* **Your goal**
Lines to return, exactly: from the line with "1 * cos (real" to the line with "unfolding VP_majorant_def using" in the entries below, both included.

****

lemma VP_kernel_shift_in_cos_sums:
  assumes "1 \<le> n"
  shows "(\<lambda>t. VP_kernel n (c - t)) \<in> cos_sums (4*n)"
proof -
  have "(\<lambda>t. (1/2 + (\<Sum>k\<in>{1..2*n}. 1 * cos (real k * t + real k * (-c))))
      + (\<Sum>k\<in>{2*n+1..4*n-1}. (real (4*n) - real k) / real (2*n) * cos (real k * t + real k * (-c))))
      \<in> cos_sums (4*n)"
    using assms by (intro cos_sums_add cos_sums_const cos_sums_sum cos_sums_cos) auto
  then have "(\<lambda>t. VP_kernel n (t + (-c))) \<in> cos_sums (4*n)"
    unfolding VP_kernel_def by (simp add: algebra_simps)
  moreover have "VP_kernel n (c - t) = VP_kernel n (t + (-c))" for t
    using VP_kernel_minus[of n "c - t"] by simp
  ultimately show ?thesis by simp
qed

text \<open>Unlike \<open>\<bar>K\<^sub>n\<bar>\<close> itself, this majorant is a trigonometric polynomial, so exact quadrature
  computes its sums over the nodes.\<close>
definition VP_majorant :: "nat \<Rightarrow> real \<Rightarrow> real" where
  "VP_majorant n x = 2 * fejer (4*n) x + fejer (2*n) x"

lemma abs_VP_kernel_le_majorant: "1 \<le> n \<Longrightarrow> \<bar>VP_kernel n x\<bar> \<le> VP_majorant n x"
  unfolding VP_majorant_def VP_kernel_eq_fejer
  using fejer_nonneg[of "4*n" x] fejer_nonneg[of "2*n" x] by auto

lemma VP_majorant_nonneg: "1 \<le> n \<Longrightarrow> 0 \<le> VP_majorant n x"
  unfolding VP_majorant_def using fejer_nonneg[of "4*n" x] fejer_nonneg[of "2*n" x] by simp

****

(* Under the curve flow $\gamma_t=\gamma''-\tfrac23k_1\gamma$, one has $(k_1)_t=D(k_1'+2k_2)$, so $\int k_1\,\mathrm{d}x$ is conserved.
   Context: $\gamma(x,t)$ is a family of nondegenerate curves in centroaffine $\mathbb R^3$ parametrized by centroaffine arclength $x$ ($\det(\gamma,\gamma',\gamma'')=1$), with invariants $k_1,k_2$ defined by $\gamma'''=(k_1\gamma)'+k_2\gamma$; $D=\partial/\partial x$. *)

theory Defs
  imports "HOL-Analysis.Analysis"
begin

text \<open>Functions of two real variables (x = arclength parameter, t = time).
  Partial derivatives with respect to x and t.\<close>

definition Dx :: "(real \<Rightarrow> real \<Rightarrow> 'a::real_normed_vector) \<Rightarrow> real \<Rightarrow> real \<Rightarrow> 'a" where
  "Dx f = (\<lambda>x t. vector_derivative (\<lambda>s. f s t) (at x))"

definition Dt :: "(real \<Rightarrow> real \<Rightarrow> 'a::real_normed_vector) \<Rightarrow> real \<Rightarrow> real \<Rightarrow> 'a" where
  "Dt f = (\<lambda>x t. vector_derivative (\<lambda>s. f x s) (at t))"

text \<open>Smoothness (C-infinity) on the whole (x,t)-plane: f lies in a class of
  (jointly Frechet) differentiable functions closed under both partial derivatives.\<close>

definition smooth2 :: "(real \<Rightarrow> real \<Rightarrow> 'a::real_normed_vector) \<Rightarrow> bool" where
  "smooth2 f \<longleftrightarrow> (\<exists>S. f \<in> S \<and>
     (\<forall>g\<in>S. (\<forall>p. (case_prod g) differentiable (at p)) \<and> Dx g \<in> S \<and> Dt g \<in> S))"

****

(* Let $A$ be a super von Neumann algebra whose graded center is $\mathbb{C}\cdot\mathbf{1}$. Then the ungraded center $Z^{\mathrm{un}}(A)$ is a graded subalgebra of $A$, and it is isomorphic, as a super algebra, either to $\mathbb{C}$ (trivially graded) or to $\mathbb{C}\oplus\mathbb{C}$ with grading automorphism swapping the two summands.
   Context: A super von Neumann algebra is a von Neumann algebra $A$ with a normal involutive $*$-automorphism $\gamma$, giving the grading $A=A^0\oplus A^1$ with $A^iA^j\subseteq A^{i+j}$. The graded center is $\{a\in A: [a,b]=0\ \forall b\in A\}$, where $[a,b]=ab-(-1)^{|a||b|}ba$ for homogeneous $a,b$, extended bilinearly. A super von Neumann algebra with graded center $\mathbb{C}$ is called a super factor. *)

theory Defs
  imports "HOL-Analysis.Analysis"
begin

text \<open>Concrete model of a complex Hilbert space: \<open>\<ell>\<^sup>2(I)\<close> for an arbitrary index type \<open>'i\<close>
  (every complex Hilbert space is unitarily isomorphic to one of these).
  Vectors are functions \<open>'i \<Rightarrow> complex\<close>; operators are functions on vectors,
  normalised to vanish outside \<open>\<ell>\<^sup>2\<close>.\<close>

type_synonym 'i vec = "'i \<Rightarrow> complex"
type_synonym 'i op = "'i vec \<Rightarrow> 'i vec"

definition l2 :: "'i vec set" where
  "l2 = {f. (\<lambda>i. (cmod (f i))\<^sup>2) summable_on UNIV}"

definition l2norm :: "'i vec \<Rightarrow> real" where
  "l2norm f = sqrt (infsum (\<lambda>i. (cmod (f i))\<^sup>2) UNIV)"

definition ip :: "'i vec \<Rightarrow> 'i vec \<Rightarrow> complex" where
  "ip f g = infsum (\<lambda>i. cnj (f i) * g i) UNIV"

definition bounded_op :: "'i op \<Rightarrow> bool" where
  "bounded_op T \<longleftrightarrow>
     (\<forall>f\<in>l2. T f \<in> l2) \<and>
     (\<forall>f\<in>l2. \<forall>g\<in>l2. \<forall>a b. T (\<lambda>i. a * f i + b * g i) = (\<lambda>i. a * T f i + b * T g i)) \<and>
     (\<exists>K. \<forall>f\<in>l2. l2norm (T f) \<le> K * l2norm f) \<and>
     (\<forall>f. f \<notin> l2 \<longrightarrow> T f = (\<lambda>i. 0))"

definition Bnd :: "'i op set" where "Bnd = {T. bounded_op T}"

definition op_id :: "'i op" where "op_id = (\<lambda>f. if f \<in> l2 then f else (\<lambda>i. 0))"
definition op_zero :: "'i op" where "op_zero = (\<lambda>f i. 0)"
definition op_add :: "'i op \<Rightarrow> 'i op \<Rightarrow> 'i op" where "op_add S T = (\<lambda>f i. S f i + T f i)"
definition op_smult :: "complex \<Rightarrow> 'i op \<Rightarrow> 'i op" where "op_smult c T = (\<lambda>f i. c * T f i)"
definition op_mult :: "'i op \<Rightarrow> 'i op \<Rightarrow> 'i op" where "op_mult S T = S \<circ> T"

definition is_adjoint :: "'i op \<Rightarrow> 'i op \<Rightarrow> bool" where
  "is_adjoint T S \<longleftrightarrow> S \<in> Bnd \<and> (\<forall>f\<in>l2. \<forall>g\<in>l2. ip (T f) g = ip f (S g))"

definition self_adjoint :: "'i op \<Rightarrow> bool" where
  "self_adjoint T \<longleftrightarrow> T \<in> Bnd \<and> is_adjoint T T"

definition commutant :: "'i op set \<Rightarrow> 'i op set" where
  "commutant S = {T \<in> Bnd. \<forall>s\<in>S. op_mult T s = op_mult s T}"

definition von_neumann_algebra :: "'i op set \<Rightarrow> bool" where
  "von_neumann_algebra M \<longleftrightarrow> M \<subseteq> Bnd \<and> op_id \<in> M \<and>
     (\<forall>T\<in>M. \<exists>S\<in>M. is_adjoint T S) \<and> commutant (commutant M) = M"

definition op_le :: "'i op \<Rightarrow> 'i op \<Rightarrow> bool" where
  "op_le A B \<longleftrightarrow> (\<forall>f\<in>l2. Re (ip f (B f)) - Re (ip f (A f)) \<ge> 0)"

****

* **Result of the exercise**
  have "(\<lambda>t. (1/2 + (\<Sum>k\<in>{1..2*n}. 1 * cos (real k * t + real k * (-c))))
      + (\<Sum>k\<in>{2*n+1..4*n-1}. (real (4*n) - real k) / real (2*n) * cos (real k * t + real k * (-c))))
      \<in> cos_sums (4*n)"
    using assms by (intro cos_sums_add cos_sums_const cos_sums_sum cos_sums_cos) auto
  then have "(\<lambda>t. VP_kernel n (t + (-c))) \<in> cos_sums (4*n)"
    unfolding VP_kernel_def by (simp add: algebra_simps)
  moreover have "VP_kernel n (c - t) = VP_kernel n (t + (-c))" for t
    using VP_kernel_minus[of n "c - t"] by simp
  ultimately show ?thesis by simp
qed

text \<open>Unlike \<open>\<bar>K\<^sub>n\<bar>\<close> itself, this majorant is a trigonometric polynomial, so exact quadrature
  computes its sums over the nodes.\<close>
definition VP_majorant :: "nat \<Rightarrow> real \<Rightarrow> real" where
  "VP_majorant n x = 2 * fejer (4*n) x + fejer (2*n) x"

lemma abs_VP_kernel_le_majorant: "1 \<le> n \<Longrightarrow> \<bar>VP_kernel n x\<bar> \<le> VP_majorant n x"
  unfolding VP_majorant_def VP_kernel_eq_fejer
  using fejer_nonneg[of "4*n" x] fejer_nonneg[of "2*n" x] by auto

lemma VP_majorant_nonneg: "1 \<le> n \<Longrightarrow> 0 \<le> VP_majorant n x"
  unfolding VP_majorant_def using fejer_nonneg[of "4*n" x] fejer_nonneg[of "2*n" x] by simp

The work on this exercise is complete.